The Food and Drug Administration tried to provide a definitive answer in 2009, when it tested 18 varieties of e-cigarette cartridges from NJoy and Smoking Everywhere. The study produced mixed results: it found TSNA carcinogens in five of the cartridges, including traces of highly toxic diethylene glycol in one cartridge produced by Smoking Everywhere. Other substances that are thought to be linked to cancer were found in 13 of the cartridges, with only Smoking Everywhere’s zero nicotine cartridges getting a complete pass. All but one of those zero nicotine cartridges were found to contain traces of nicotine.

After releasing the results of the research publicly, the FDA banned e-cigarettes in September 2009 on the grounds that they were unregulated medical devices. NJoy appealed the decision and strongly contested the FDA research, claiming that there was not adequate comparison between the TSNA levels in other nicotine delivery systems and NJoy e-cigarettes. The company also claimed that its e-cigarettes were not marketed as “therapeutic” devices. Four months after the ban, the FDA was forced by a US court to reverse the restrictions and regulate the devices as tobacco products.

The Consumer Advocates for Smoke-Free Alternatives Association (CASAA) has tasked itself with educating the public on the benefits of e-cigarettes. It said the FDA should be “encouraging and supporting studies” into e-cigarette safety and their usefulness as a “smoking replacement product.” It also calls the FDA’s original study “misleading,” noting that the FDA stated that e-cigarettes contain carcinogens “without bothering to mention that FDA-approved nicotine replacement therapy products contain equivalent quantities.” the CASAA claims that a gram of the liquid found inside e-cigarettes contains the equivalent carcinogens of a nicotine patch, and less than one percent of those found in a full-flavor Marlboro cigarette.

The FDA has continued to face problems regulating e-cigarettes because of the way the devices are classified. If they are not marketed as something that can help you quit smoking, then they are not subject to the same laws covering nicotine patches or gum. If they are categorized as tobacco products, then they should be regulated as regular cigarettes.

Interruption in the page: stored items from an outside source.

lemma uniform_radius:
  fixes K :: "'a::metric_space set"
  assumes "compact K" and local: "\<And>x. x \<in> K \<Longrightarrow> \<exists>r>0. P (ball x r)"
    and antimono_P: "\<And>x r y s. P (ball x r) \<Longrightarrow> ball y s \<subseteq> ball x r \<Longrightarrow> P (ball y s)"
  shows "\<exists>\<delta>>0. \<forall>y\<in>K. P (ball y \<delta>)"
proof -
  obtain r where r: "\<And>x. x \<in> K \<Longrightarrow> r x > 0 \<and> P (ball x (r x))"
    using local by metis
  have "K \<subseteq> \<Union>((\<lambda>x. ball x (r x)) ` K)" using r by force
  then obtain \<delta> where "0 < \<delta>" "\<And>y. y \<in> K \<Longrightarrow> \<exists>G\<in>(\<lambda>x. ball x (r x)) ` K. ball y \<delta> \<subseteq> G"
    by (rule Heine_Borel_lemma[OF \<open>compact K\<close>]) auto
  moreover have "P (ball y \<delta>)" if "y \<in> K" "x \<in> K" "ball y \<delta> \<subseteq> ball x (r x)" for x y
    using antimono_P r that by metis
  ultimately show ?thesis by blast
qed

definition ball_partition :: "'a::metric_space set \<Rightarrow> real \<Rightarrow> nat \<Rightarrow> (nat \<Rightarrow> 'a) \<Rightarrow> (nat \<Rightarrow> 'a set) \<Rightarrow> bool" where
  "ball_partition B \<delta> m c D \<longleftrightarrow> disjoint_family_on D {..<m} \<and> (\<Union>j<m. D j) = B \<and>
     (\<forall>j<m. D j \<in> sets borel \<and> D j \<subseteq> B \<inter> ball (c j) \<delta> \<and> c j \<in> closure B)"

Since 2010, the FDA has not conducted any further studies and has stood behind its initial research. Elsewhere in the world, Australia is about to launch a full clinical trial of e-cigarettes, while the UK government is attempting to determine the efficacy of ecigs as a tobacco-replacement tool.

Big tobacco is starting to feel the effects of the e-cigarette boom. British American Tobacco, the world’s second-largest tobacco firm, bought out a UK startup that develops e-cigarette technology. Lorillard acquired e-cigarette brand Blu Cigs for $135 million. Philip Morris and Reynolds have publicly stated their intent to enter the market. These industry giants are well placed to fight against any new regulation.

Clive Bates, a former British civil servant who runs a site focused on “analytic advocacy” has looked into proposed EU regulation, and worries that it could stifle what is certainly a growing market in a stalled economy.

“What is the appropriate safety standard for nicotine delivery?” asks Bates. “Most is delivered in a matrix of toxic smoke and poisonous gases.” If e-cigarettes are less harmful than tobacco, why not embrace the technology and attempt to improve it? Why ban something that is less harmful than the product that kills 400,000 Americans each year?

Both the CASAA and Bates say that the framework to properly regulate e-cigarettes is already in place. Any product on sale in the US and Europe must be clearly-labeled, include safety warnings. Bates argues that forcing manufacturers to meet those standards, and routinely checking to ensure they do, should be enough.

Until a thorough research and investigation are done on all the ecig brands on sale in the US, there is no way to know if electronic cigarettes are really safe for you. The FDA is standing pat while millions of untested, unregulated devices continue to flood in from China.